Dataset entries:
****************************************
(* Let $G$ be a finite, simple, connected graph of order $n\ge 3$. Then $res_{wt}(G)=n$ if and only if $G$ contains a twin (i.e. some vertex of $G$ is a twin).
   Context: $d(x,y)$ is the shortest-path distance and $N(x)$ the set of neighbors of $x$. A set $W\subseteq V(G)$ is a resolving set if for every two distinct vertices $y,z$ there is $x\in W$ with $d(y,x)\ne d(z,x)$. A set $W$ is a weak total resolving set (WTR-set) if $W$ is resolving and, for every $w\in W$ and every $x\in V(G)\setminus W$, there is $w'\in W\setminus\{w\}$ with $d(x,w')\ne d(w,w')$. The weak total resolving number $res_{wt}(G)$ is the minimum positive integer $r$ such that every set of $r$ vertices of $G$ is a WTR-set for $G$. Two distinct vertices $u,v$ are twins if $N(u)\setminus\{v\}=N(v)\setminus\{u\}$; a vertex $u$ is a twin if there exists $v\ne u$ such that $u,v$ are twins. *)

theory Defs
  imports Main
begin

definition simple_graph :: "'a set \<Rightarrow> ('a \<Rightarrow> 'a \<Rightarrow> bool) \<Rightarrow> bool" where
  "simple_graph V E \<longleftrightarrow> finite V \<and> (\<forall>x y. E x y \<longrightarrow> x \<in> V \<and> y \<in> V)
     \<and> (\<forall>x y. E x y \<longrightarrow> E y x) \<and> (\<forall>x. \<not> E x x)"

definition edge_rel :: "('a \<Rightarrow> 'a \<Rightarrow> bool) \<Rightarrow> ('a \<times> 'a) set" where
  "edge_rel E = {(x, y). E x y}"

definition connected_graph :: "'a set \<Rightarrow> ('a \<Rightarrow> 'a \<Rightarrow> bool) \<Rightarrow> bool" where
  "connected_graph V E \<longleftrightarrow> (\<forall>x\<in>V. \<forall>y\<in>V. \<exists>k. (x, y) \<in> edge_rel E ^^ k)"

definition gdist :: "('a \<Rightarrow> 'a \<Rightarrow> bool) \<Rightarrow> 'a \<Rightarrow> 'a \<Rightarrow> nat" where
  "gdist E x y = (LEAST k. (x, y) \<in> edge_rel E ^^ k)"

definition nbhd :: "('a \<Rightarrow> 'a \<Rightarrow> bool) \<Rightarrow> 'a \<Rightarrow> 'a set" where
  "nbhd E x = {y. E x y}"

definition twins :: "('a \<Rightarrow> 'a \<Rightarrow> bool) \<Rightarrow> 'a \<Rightarrow> 'a \<Rightarrow> bool" where
  "twins E u v \<longleftrightarrow> u \<noteq> v \<and> nbhd E u - {v} = nbhd E v - {u}"

definition is_twin :: "'a set \<Rightarrow> ('a \<Rightarrow> 'a \<Rightarrow> bool) \<Rightarrow> 'a \<Rightarrow> bool" where
  "is_twin V E u \<longleftrightarrow> (\<exists>v\<in>V. twins E u v)"

definition resolving_set :: "'a set \<Rightarrow> ('a \<Rightarrow> 'a \<Rightarrow> bool) \<Rightarrow> 'a set \<Rightarrow> bool" where
  "resolving_set V E W \<longleftrightarrow> W \<subseteq> V \<and>
     (\<forall>y\<in>V. \<forall>z\<in>V. y \<noteq> z \<longrightarrow> (\<exists>x\<in>W. gdist E y x \<noteq> gdist E z x))"

definition wtr_set :: "'a set \<Rightarrow> ('a \<Rightarrow> 'a \<Rightarrow> bool) \<Rightarrow> 'a set \<Rightarrow> bool" where
  "wtr_set V E W \<longleftrightarrow> resolving_set V E W \<and>
     (\<forall>w\<in>W. \<forall>x\<in>V - W. \<exists>w'\<in>W - {w}. gdist E x w' \<noteq> gdist E w w')"

definition res_wt :: "'a set \<Rightarrow> ('a \<Rightarrow> 'a \<Rightarrow> bool) \<Rightarrow> nat" where
  "res_wt V E = (LEAST r. r > 0 \<and> (\<forall>W. W \<subseteq> V \<and> card W = r \<longrightarrow> wtr_set V E W))"

end

theory Submission
  imports Defs
begin

text \<open>Twins u, v are at equal distance from every third vertex. Hence no set avoiding both of
them is resolving, and V - {u} violates the WTR condition for w = v, x = u; so with a twin every
set of fewer than n vertices fails, and res_wt = n. Without twins, the sets of size n - 1 are the
sets V - {u}: they resolve, since each vertex is separated from any other by itself, and for
w \<noteq> u a vertex t adjacent to exactly one of u, w lies in V - {u, w} and is at distance 1 from
exactly one of them, so res_wt \<le> n - 1.\<close>

lemma gdist_self: "gdist E x x = 0"
  unfolding gdist_def by (rule Least_eq_0) simp

lemma relpow_gdist:
  assumes "connected_graph V E" "x \<in> V" "y \<in> V"
  shows "(x, y) \<in> edge_rel E ^^ gdist E x y"
proof -
  obtain k where "(x, y) \<in> edge_rel E ^^ k"
    using assms unfolding connected_graph_def by blast
  then show ?thesis unfolding gdist_def by (rule LeastI)
qed

lemma gdist_le_walk: "(x, y) \<in> edge_rel E ^^ k \<Longrightarrow> gdist E x y \<le> k"
  unfolding gdist_def by (rule Least_le)

lemma gdist_eq_0_iff:
  assumes "connected_graph V E" "x \<in> V" "y \<in> V"
  shows "gdist E x y = 0 \<longleftrightarrow> x = y"
proof
  assume "gdist E x y = 0"
  then show "x = y" using relpow_gdist[OF assms] by simp
qed (simp add: gdist_self)

lemma gdist_eq_1_iff:
  assumes "simple_graph V E" "connected_graph V E" "x \<in> V" "y \<in> V"
  shows "gdist E x y = 1 \<longleftrightarrow> E x y"
proof
  assume "gdist E x y = 1"
  then show "E x y" using relpow_gdist[OF assms(2-4)] by (simp add: edge_rel_def)
next
  assume "E x y"
  then have "gdist E x y \<le> 1" by (intro gdist_le_walk) (simp add: edge_rel_def)
  moreover have "x \<noteq> y" using \<open>E x y\<close> assms(1) unfolding simple_graph_def by blast
  ultimately show "gdist E x y = 1" using gdist_eq_0_iff[OF assms(2-4)] by linarith
qed

lemma twins_sym: "twins E u v \<Longrightarrow> twins E v u"
  unfolding twins_def by auto

text \<open>The first step of a walk from u to a third vertex can be redirected to start at v.\<close>

lemma twins_walk:
  assumes "twins E u v" "x \<noteq> u" "(u, x) \<in> edge_rel E ^^ k"
  shows "\<exists>k'\<le>k. (v, x) \<in> edge_rel E ^^ k'"
proof (cases k)
  case 0
  then show ?thesis using assms by simp
next
  case (Suc m)
  then obtain p where p: "(u, p) \<in> edge_rel E" "(p, x) \<in> edge_rel E ^^ m"
    using assms(3) relpow_Suc_D2 by metis
  show ?thesis
  proof (cases "p = v")
    case True
    then show ?thesis using p Suc by (intro exI[of _ m]) auto
  next
    case False
    then have "p \<in> nbhd E v"
      using p(1) assms(1) unfolding twins_def nbhd_def edge_rel_def by blast
    then have "(v, x) \<in> edge_rel E ^^ Suc m"
      using p(2) by (intro relpow_Suc_I2) (simp_all add: nbhd_def edge_rel_def)
    then show ?thesis using Suc by blast
  qed
qed

lemma twins_gdist_le:
  assumes "connected_graph V E" "u \<in> V" "x \<in> V" "twins E u v" "x \<noteq> u"
  shows "gdist E v x \<le> gdist E u x"
  using twins_walk[OF assms(4,5) relpow_gdist[OF assms(1-3)]]
  by (meson gdist_le_walk le_trans)

lemma twins_gdist_eq:
  assumes "connected_graph V E" "u \<in> V" "v \<in> V" "x \<in> V" "twins E u v" "x \<noteq> u" "x \<noteq> v"
  shows "gdist E u x = gdist E v x"
  using twins_gdist_le[OF assms(1,3,4) twins_sym[OF assms(5)] assms(7)]
    twins_gdist_le[OF assms(1,2,4,5,6)]
  by (rule antisym)

lemma resolving_set_mono:
  "resolving_set V E W \<Longrightarrow> W \<subseteq> W' \<Longrightarrow> W' \<subseteq> V \<Longrightarrow> resolving_set V E W'"
  unfolding resolving_set_def by blast

lemma resolving_set_Diff_singleton:
  assumes "connected_graph V E"
  shows "resolving_set V E (V - {u})"
  unfolding resolving_set_def
proof (intro conjI ballI impI)
  fix y z assume yz: "y \<in> V" "z \<in> V" "y \<noteq> z"
  have "gdist E y z \<noteq> gdist E z z" "gdist E y y \<noteq> gdist E z y"
    using yz gdist_eq_0_iff[OF assms] by (auto simp: gdist_self)
  then show "\<exists>x\<in>V - {u}. gdist E y x \<noteq> gdist E z x"
    using yz by (cases "y = u") auto
qed auto

lemma wtr_set_self:
  assumes "connected_graph V E" "u \<in> V"
  shows "wtr_set V E V"
  using resolving_set_mono[OF resolving_set_Diff_singleton[OF assms(1), of u]]
  unfolding wtr_set_def by blast

lemma wtr_set_Diff_singleton:
  assumes G: "simple_graph V E" "connected_graph V E"
    and u: "u \<in> V" and no_twin: "\<not> is_twin V E u"
  shows "wtr_set V E (V - {u})"
  unfolding wtr_set_def
proof (intro conjI ballI resolving_set_Diff_singleton[OF G(2)])
  fix w x assume w: "w \<in> V - {u}" and "x \<in> V - (V - {u})"
  then have "x = u" by blast
  have "\<not> twins E u w" using no_twin w unfolding is_twin_def by blast
  then have "nbhd E u - {w} \<noteq> nbhd E w - {u}" using w unfolding twins_def by blast
  then obtain t where "t \<in> nbhd E u - {w} \<longleftrightarrow> t \<notin> nbhd E w - {u}" by blast
  then have t: "t \<noteq> u" "t \<noteq> w" "E u t \<noteq> E w t"
    using G(1) unfolding simple_graph_def nbhd_def by auto
  have "t \<in> V" using t(3) G(1) unfolding simple_graph_def by blast
  have "gdist E u t \<noteq> gdist E w t"
    using t(3) gdist_eq_1_iff[OF G u \<open>t \<in> V\<close>] gdist_eq_1_iff[OF G _ \<open>t \<in> V\<close>, of w] w
    by auto
  then show "\<exists>w'\<in>V - {u} - {w}. gdist E x w' \<noteq> gdist E w w'"
    using t \<open>t \<in> V\<close> \<open>x = u\<close> by blast
qed

lemma not_resolving_set_avoiding_twins:
  assumes "connected_graph V E" "u \<in> V" "v \<in> V" "twins E u v" "W \<inter> {u, v} = {}"
  shows "\<not> resolving_set V E W"
proof
  assume "resolving_set V E W"
  moreover have "u \<noteq> v" using assms(4) unfolding twins_def by blast
  ultimately obtain x where "x \<in> W" "x \<in> V" "gdist E u x \<noteq> gdist E v x"
    using assms(2,3) unfolding resolving_set_def by blast
  then show False using twins_gdist_eq[OF assms(1-3) _ assms(4)] assms(5) by blast
qed

lemma not_wtr_set_Diff_twin:
  assumes "connected_graph V E" "u \<in> V" "v \<in> V" "twins E u v"
  shows "\<not> wtr_set V E (V - {u})"
proof
  assume "wtr_set V E (V - {u})"
  moreover have "v \<in> V - {u}" using assms(3,4) unfolding twins_def by blast
  ultimately obtain w' where "w' \<in> V - {u} - {v}" "gdist E u w' \<noteq> gdist E v w'"
    using assms(2) unfolding wtr_set_def by blast
  then show False using twins_gdist_eq[OF assms(1-3) _ assms(4)] by blast
qed

lemma exists_not_wtr_set_of_card:
  assumes "finite V" "connected_graph V E" "u \<in> V" "v \<in> V" "twins E u v" "r < card V"
  shows "\<exists>W\<subseteq>V. card W = r \<and> \<not> wtr_set V E W"
proof (cases "r + 1 < card V")
  case True
  have "u \<noteq> v" using assms(5) unfolding twins_def by blast
  have "card (V - {u, v}) = card V - card {u, v}"
    using assms(1,3,4) by (intro card_Diff_subset) (auto intro: finite_subset)
  also have "card {u, v} = 2" using \<open>u \<noteq> v\<close> by simp
  finally have "r \<le> card (V - {u, v})" using True by linarith
  then obtain W where "W \<subseteq> V - {u, v}" "card W = r" by (rule obtain_subset_with_card_n)
  moreover have "\<not> resolving_set V E W"
    using not_resolving_set_avoiding_twins[OF assms(2-5)] \<open>W \<subseteq> V - {u, v}\<close> by blast
  ultimately show ?thesis unfolding wtr_set_def by blast
next
  case False
  then have "card (V - {u}) = r" using assms(1,3,6) by simp
  then show ?thesis using not_wtr_set_Diff_twin[OF assms(2-5)] by blast
qed

lemma res_wt_eq_card_iff:
  assumes "finite V" "V \<noteq> {}" "wtr_set V E V"
  shows "res_wt V E = card V \<longleftrightarrow>
    (\<forall>r. 0 < r \<and> r < card V \<longrightarrow> (\<exists>W\<subseteq>V. card W = r \<and> \<not> wtr_set V E W))"
proof -
  define P where "P r \<longleftrightarrow> 0 < r \<and> (\<forall>W. W \<subseteq> V \<and> card W = r \<longrightarrow> wtr_set V E W)" for r
  have "res_wt V E = Least P" unfolding res_wt_def P_def ..
  moreover have "P (card V)"
    using assms card_subset_eq unfolding P_def by (auto simp: card_gt_0_iff)
  then have "Least P = card V \<longleftrightarrow> (\<forall>r < card V. \<not> P r)"
  proof (intro iffI allI impI notI)
    fix r assume "Least P = card V" "r < card V" "P r"
    then show False using Least_le[of P r] by simp
  next
    assume "\<forall>r < card V. \<not> P r"
    then show "Least P = card V"
      using \<open>P (card V)\<close> by (intro Least_equality) (auto simp: not_less[symmetric])
  qed
  moreover have "\<not> P r \<longleftrightarrow> (0 < r \<longrightarrow> (\<exists>W\<subseteq>V. card W = r \<and> \<not> wtr_set V E W))" for r
    unfolding P_def by blast
  ultimately show ?thesis by auto
qed

lemma obtain_Diff_singleton_of_card:
  assumes "finite V" "W \<subseteq> V" "card W = card V - 1" "V \<noteq> {}"
  obtains u where "u \<in> V" "W = V - {u}"
proof -
  have "card (V - W) = card V - card W"
    using assms(1,2) by (intro card_Diff_subset) (auto intro: finite_subset)
  then have "card (V - W) = 1"
    using assms(1,3,4) by (simp add: card_gt_0_iff Suc_leI)
  then obtain u where "V - W = {u}" by (rule card_1_singletonE)
  then show ?thesis using that assms(2) by blast
qed

theorem theorem5:
  fixes V :: "'a set" and E :: "'a \<Rightarrow> 'a \<Rightarrow> bool"
  assumes "simple_graph V E" and "connected_graph V E" and "card V \<ge> 3"
  shows "res_wt V E = card V \<longleftrightarrow> (\<exists>u\<in>V. is_twin V E u)"
proof -
  have fin: "finite V" using assms(1) unfolding simple_graph_def by blast
  obtain v where "v \<in> V" using assms(3) by fastforce
  then have ne: "V \<noteq> {}" by blast
  note res_wt_iff = res_wt_eq_card_iff[OF fin ne wtr_set_self[OF assms(2) \<open>v \<in> V\<close>]]
  show ?thesis
  proof
    assume "res_wt V E = card V"
    moreover have "0 < card V - 1" "card V - 1 < card V" using assms(3) by simp_all
    ultimately obtain W where W: "W \<subseteq> V" "card W = card V - 1" "\<not> wtr_set V E W"
      using res_wt_iff by blast
    then obtain u where "u \<in> V" "W = V - {u}"
      using obtain_Diff_singleton_of_card fin ne by metis
    then show "\<exists>u\<in>V. is_twin V E u"
      using W(3) wtr_set_Diff_singleton[OF assms(1,2)] by blast
  next
    assume "\<exists>u\<in>V. is_twin V E u"
    then obtain u w where "u \<in> V" "w \<in> V" "twins E u w" unfolding is_twin_def by blast
    then show "res_wt V E = card V"
      using res_wt_iff exists_not_wtr_set_of_card[OF fin assms(2)] by blast
  qed
qed

end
****************************************
TASK STATEMENT
How many lines of the records contain "that"? Answer with the number only.

FINISHED EXERCISE
2